EXERCISE DIRECTIONS -
Give the lines again word for word, beginning with the one containing "obtain \<eta> where" and ending with the last line of the material below.

EXERCISE INPUTS -
(* Let $(V,\Omega)$ be a finite-dimensional real symplectic vector space and let $A:V\to V$ be a linear map with $\Omega(Ax,y)+\Omega(x,Ay)=0$ for all $x,y\in V$ and $A^2=0$. Let $\theta^A$ be the one-form on $V$ given by $\theta^A_z(v_z)=\frac{1}{2}\Omega(z-Az,v)$. Then ${\rm Aut}(V,\theta^A)=\{g\in{\rm Sp}(V,\Omega): gA=Ag\}$, where ${\rm Aut}(V,\theta^A)$ is the group of all diffeomorphisms $g:V\to V$ satisfying $g^*\theta^A=\theta^A$.
   Context: $V$ is a finite-dimensional real vector space and $\Omega$ a nonsingular alternating bilinear form on $V$. For $z,v\in V$, $v_z\in T_zV$ denotes the tangent vector at $z$ corresponding to $v$ under the canonical identification $T_zV\cong V$. Equivalently, $\theta^A=\theta^0+d\psi^A$ where $\theta^0_z(v_z)=\frac12\Omega(z,v)$ and $\psi^A(z)=\frac14\Omega(z,Az)$. For a smooth map $g:V\to V$, $(g^*\theta^A)_z(v_z)=\frac12\Omega(g(z)-Ag(z),g'_z v)$, where $g'_z$ is the derivative of $g$ at $z$. ${\rm Sp}(V,\Omega)$ is the group of linear automorphisms of $V$ preserving $\Omega$. *)

theory Defs
  imports "HOL-Analysis.Analysis"
begin

text \<open>Smooth (C-infinity) maps between finite-dimensional real spaces: f is
differentiable everywhere, continuous, and each directional derivative
z \<mapsto> Df(z) v is again smooth (coinductively, i.e. all iterated
derivatives exist and are continuous).\<close>
coinductive smooth_map :: "('a::euclidean_space \<Rightarrow> 'b::euclidean_space) \<Rightarrow> bool" where
  "\<lbrakk> \<forall>z. f differentiable (at z); continuous_on UNIV f;
     \<forall>v. smooth_map (\<lambda>z. frechet_derivative f (at z) v) \<rbrakk> \<Longrightarrow> smooth_map f"

definition diffeomorphism :: "('a::euclidean_space \<Rightarrow> 'a) \<Rightarrow> bool" where
  "diffeomorphism g \<longleftrightarrow> bij g \<and> smooth_map g \<and> smooth_map (inv g)"

definition symplectic_form :: "('a::euclidean_space \<Rightarrow> 'a \<Rightarrow> real) \<Rightarrow> bool" where
  "symplectic_form \<Omega> \<longleftrightarrow> bilinear \<Omega> \<and> (\<forall>x. \<Omega> x x = 0)
     \<and> (\<forall>x. (\<forall>y. \<Omega> x y = 0) \<longrightarrow> x = 0)"

definition Sp :: "('a::euclidean_space \<Rightarrow> 'a \<Rightarrow> real) \<Rightarrow> ('a \<Rightarrow> 'a) set" where
  "Sp \<Omega> = {g. linear g \<and> bij g \<and> (\<forall>x y. \<Omega> (g x) (g y) = \<Omega> x y)}"

text \<open>One-forms on V: \<alpha> z v is the value of \<alpha>_z on the tangent vector v_z.\<close>
definition theta :: "('a::euclidean_space \<Rightarrow> 'a \<Rightarrow> real) \<Rightarrow> ('a \<Rightarrow> 'a) \<Rightarrow> 'a \<Rightarrow> 'a \<Rightarrow> real" where
  "theta \<Omega> A z v = (1/2) * \<Omega> (z - A z) v"

definition pullback :: "('a::euclidean_space \<Rightarrow> 'a) \<Rightarrow> ('a \<Rightarrow> 'a \<Rightarrow> real) \<Rightarrow> 'a \<Rightarrow> 'a \<Rightarrow> real" where
  "pullback g \<alpha> z v = \<alpha> (g z) (frechet_derivative g (at z) v)"

definition Aut :: "('a::euclidean_space \<Rightarrow> 'a \<Rightarrow> real) \<Rightarrow> ('a \<Rightarrow> 'a) set" where
  "Aut \<alpha> = {g. diffeomorphism g \<and> pullback g \<alpha> = \<alpha>}"

end

theory Submission
  imports Defs "HOL-Real_Asymp.Real_Asymp"
begin

text \<open>Write \<open>Z(z) = z - Az\<close>, so that \<open>\<theta>\<^sup>A\<^sub>z = (1/2) \<Omega>(Z(z), -)\<close>; the exterior derivative of \<open>\<theta>\<^sup>A\<close>
is \<open>\<Omega>\<close>, and since \<open>A\<^sup>2 = 0\<close> the vector field \<open>Z\<close> has the explicit flow
\<open>\<phi>\<^sub>s(z) = e\<^sup>s(z - sAz)\<close>. An automorphism \<open>g\<close> of \<open>\<theta>\<^sup>A\<close> preserves \<open>d\<theta>\<^sup>A = \<Omega>\<close>, so every
derivative \<open>g'\<^sub>z\<close> is symplectic, and comparing \<open>\<theta>\<^sup>A\<close> with \<open>g\<^sup>*\<theta>\<^sup>A\<close> then gives
\<open>g'\<^sub>z(Z(z)) = Z(g(z))\<close>: \<open>g\<close> commutes with the flow. Differentiating \<open>g \<circ> \<phi>\<^sub>s = \<phi>\<^sub>s \<circ> g\<close>
and letting \<open>s \<rightarrow> -\<infinity>\<close>, where \<open>\<phi>\<^sub>s(z) \<rightarrow> 0\<close>, shows \<open>g'\<^sub>z = g'\<^sub>0\<close> and \<open>g'\<^sub>0 A = A g'\<^sub>0\<close>, because
the terms growing linearly in \<open>s\<close> must vanish. As \<open>g\<close> fixes \<open>0\<close>, the only fixed point
of \<open>\<phi>\<^sub>1\<close>, it equals the linear map \<open>g'\<^sub>0\<close>.\<close>

lemma smooth_map_affine:
  assumes "linear L"
  shows "smooth_map (\<lambda>z. L z + (c::'b::euclidean_space))"
proof -
  define X where "X = (\<lambda>f::'a::euclidean_space \<Rightarrow> 'b. \<exists>L c. linear L \<and> f = (\<lambda>z. L z + c))"
  have "X (\<lambda>z. L z + c)" using assms unfolding X_def by blast
  then show ?thesis
  proof (rule smooth_map.coinduct[of X])
    fix f assume "X f"
    then obtain L c where L: "linear L" and f: "f = (\<lambda>z. L z + c)" unfolding X_def by blast
    have bl: "bounded_linear L" using L linear_conv_bounded_linear by blast
    have d: "(f has_derivative L) (at z)" for z
      unfolding f using bounded_linear.has_derivative[OF bl has_derivative_ident]
      by (auto intro!: derivative_eq_intros)
    have fd: "frechet_derivative f (at z) = L" for z using d frechet_derivative_at by metis
    show "\<exists>f'. f = f' \<and> (\<forall>z. f' differentiable at z) \<and> continuous_on UNIV f' \<and>
      (\<forall>v. X (\<lambda>z. frechet_derivative f' (at z) v) \<or> smooth_map (\<lambda>z. frechet_derivative f' (at z) v))"
    proof (rule exI[of _ f], intro conjI allI refl)
      show "f differentiable at z" for z using d differentiable_def by blast
      show "continuous_on UNIV f" unfolding f by (intro continuous_intros linear_continuous_on bl)
      show "X (\<lambda>z. frechet_derivative f (at z) v) \<or> smooth_map (\<lambda>z. frechet_derivative f (at z) v)" for v
        by (rule disjI1) (auto simp: fd X_def intro!: exI[of _ "\<lambda>_. 0"] linear_zero)
    qed
  qed
qed

lemma smooth_map_linear: "linear L \<Longrightarrow> smooth_map L"
  using smooth_map_affine[of L 0] by simp

lemma smooth_map_C2:
  fixes g :: "'a::euclidean_space \<Rightarrow> 'b::euclidean_space"
  assumes "smooth_map g"
  defines "Dg \<equiv> \<lambda>z. frechet_derivative g (at z)"
  defines "D2 \<equiv> \<lambda>z v. frechet_derivative (\<lambda>z. Dg z v) (at z)"
  shows "\<And>z. (g has_derivative Dg z) (at z)"
    and "\<And>v. continuous_on UNIV (\<lambda>z. Dg z v)"
    and "\<And>v z. ((\<lambda>z. Dg z v) has_derivative D2 z v) (at z)"
    and "\<And>v w. continuous_on UNIV (\<lambda>z. D2 z v w)"
proof -
  have a: "\<forall>z. g differentiable at z" and b: "\<forall>v. smooth_map (\<lambda>z. Dg z v)"
    using assms(1) unfolding Dg_def by (auto elim: smooth_map.cases)
  show "(g has_derivative Dg z) (at z)" for z
    using a frechet_derivative_works unfolding Dg_def by blast
  fix v
  have c: "\<forall>z. (\<lambda>z. Dg z v) differentiable at z" "continuous_on UNIV (\<lambda>z. Dg z v)"
     "\<forall>w. smooth_map (\<lambda>z. D2 z v w)"
    using b[rule_format, of v] unfolding D2_def by (auto elim: smooth_map.cases)
  show "continuous_on UNIV (\<lambda>z. Dg z v)" using c by blast
  show "((\<lambda>z. Dg z v) has_derivative D2 z v) (at z)" for z
    using c(1) frechet_derivative_works unfolding D2_def by blast
  show "continuous_on UNIV (\<lambda>z. D2 z v w)" for w
    using c(3) by (auto elim: smooth_map.cases)
qed

lemma has_derivative_inner_along_line:
  assumes "\<And>z. (F has_derivative DF z) (at z)"
  shows "((\<lambda>s. e \<bullet> F (a + s *\<^sub>R b)) has_derivative (\<lambda>t. t * (e \<bullet> DF (a + s *\<^sub>R b) b))) (at s within S)"
proof -
  have "((\<lambda>s. a + s *\<^sub>R b) has_derivative (\<lambda>t. t *\<^sub>R b)) (at s within S)"
    by (auto intro!: derivative_eq_intros)
  from has_derivative_compose[OF this assms]
  have "((\<lambda>s. F (a + s *\<^sub>R b)) has_derivative (\<lambda>t. DF (a + s *\<^sub>R b) (t *\<^sub>R b))) (at s within S)" .
  from bounded_linear.has_derivative[OF bounded_linear_inner_right this]
  have "((\<lambda>s. e \<bullet> F (a + s *\<^sub>R b)) has_derivative (\<lambda>t. e \<bullet> DF (a + s *\<^sub>R b) (t *\<^sub>R b))) (at s within S)" .
  moreover have "linear (DF (a + s *\<^sub>R b))"
    using assms has_derivative_linear by blast
  ultimately show ?thesis by (simp add: linear_scale)
qed

lemma second_difference_mean_value:
  fixes f :: "'a::euclidean_space \<Rightarrow> 'b::euclidean_space"
  assumes d1: "\<And>z. (f has_derivative Df z) (at z)"
   and d2: "\<And>v z. ((\<lambda>z. Df z v) has_derivative D2 z v) (at z)"
   and h: "h > 0"
  shows "\<exists>p. norm (p - z) \<le> h * (norm v + norm w) \<and>
     e \<bullet> (f (z + h *\<^sub>R w + h *\<^sub>R v) - f (z + h *\<^sub>R w) - f (z + h *\<^sub>R v) + f z) = h^2 * (e \<bullet> D2 p w v)"
proof -
  define \<phi> where "\<phi> s = e \<bullet> f ((z + h *\<^sub>R v) + s *\<^sub>R w) - e \<bullet> f (z + s *\<^sub>R w)" for s
  have "(\<phi> has_derivative (\<lambda>t. t * (e \<bullet> Df ((z + h *\<^sub>R v) + s *\<^sub>R w) w - e \<bullet> Df (z + s *\<^sub>R w) w)))
      (at s within {0..h})" for s
    unfolding \<phi>_def
    by (rule derivative_eq_intros has_derivative_inner_along_line[OF d1] | simp add: algebra_simps)+
  from mvt_simple[OF h this]
  obtain \<xi> where \<xi>: "\<xi> \<in> {0<..<h}" and
    e1: "\<phi> h - \<phi> 0 = (h - 0) * (e \<bullet> Df ((z + h *\<^sub>R v) + \<xi> *\<^sub>R w) w - e \<bullet> Df (z + \<xi> *\<^sub>R w) w)"
    by blast
  define \<psi> where "\<psi> t = e \<bullet> Df ((z + \<xi> *\<^sub>R w) + t *\<^sub>R v) w" for t
  have "(\<psi> has_derivative (\<lambda>t. t * (e \<bullet> D2 ((z + \<xi> *\<^sub>R w) + s *\<^sub>R v) w v))) (at s within {0..h})" for s
    unfolding \<psi>_def by (rule has_derivative_inner_along_line[OF d2])
  from mvt_simple[OF h this]
  obtain \<eta> where \<eta>: "\<eta> \<in> {0<..<h}" and
    e2: "\<psi> h - \<psi> 0 = (h - 0) * (e \<bullet> D2 ((z + \<xi> *\<^sub>R w) + \<eta> *\<^sub>R v) w v)"
    by blast
  define p where "p = (z + \<xi> *\<^sub>R w) + \<eta> *\<^sub>R v"
  have "norm (p - z) \<le> norm (\<xi> *\<^sub>R w) + norm (\<eta> *\<^sub>R v)"
    unfolding p_def by (metis add_diff_cancel_left' norm_triangle_ineq add.assoc)
  also have "\<dots> \<le> h * norm w + h * norm v"
    using \<xi> \<eta> by (intro add_mono) (auto intro!: mult_right_mono)
  finally have n: "norm (p - z) \<le> h * (norm v + norm w)" by (simp add: algebra_simps)
  have "e \<bullet> (f (z + h *\<^sub>R w + h *\<^sub>R v) - f (z + h *\<^sub>R w) - f (z + h *\<^sub>R v) + f z) = \<phi> h - \<phi> 0"
    unfolding \<phi>_def by (simp add: inner_diff_right inner_add_right algebra_simps)
  also have "\<dots> = h * (\<psi> h - \<psi> 0)" using e1 unfolding \<psi>_def by (simp add: algebra_simps)
  also have "\<dots> = h^2 * (e \<bullet> D2 p w v)" using e2 unfolding p_def by (simp add: power2_eq_square)
  finally show ?thesis using n by blast
qed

SOLVED EXERCISE -
  obtain \<eta> where \<eta>: "\<eta> \<in> {0<..<h}" and
    e2: "\<psi> h - \<psi> 0 = (h - 0) * (e \<bullet> D2 ((z + \<xi> *\<^sub>R w) + \<eta> *\<^sub>R v) w v)"
    by blast
  define p where "p = (z + \<xi> *\<^sub>R w) + \<eta> *\<^sub>R v"
  have "norm (p - z) \<le> norm (\<xi> *\<^sub>R w) + norm (\<eta> *\<^sub>R v)"
    unfolding p_def by (metis add_diff_cancel_left' norm_triangle_ineq add.assoc)
  also have "\<dots> \<le> h * norm w + h * norm v"
    using \<xi> \<eta> by (intro add_mono) (auto intro!: mult_right_mono)
  finally have n: "norm (p - z) \<le> h * (norm v + norm w)" by (simp add: algebra_simps)
  have "e \<bullet> (f (z + h *\<^sub>R w + h *\<^sub>R v) - f (z + h *\<^sub>R w) - f (z + h *\<^sub>R v) + f z) = \<phi> h - \<phi> 0"
    unfolding \<phi>_def by (simp add: inner_diff_right inner_add_right algebra_simps)
  also have "\<dots> = h * (\<psi> h - \<psi> 0)" using e1 unfolding \<psi>_def by (simp add: algebra_simps)
  also have "\<dots> = h^2 * (e \<bullet> D2 p w v)" using e2 unfolding p_def by (simp add: power2_eq_square)
  finally show ?thesis using n by blast
qed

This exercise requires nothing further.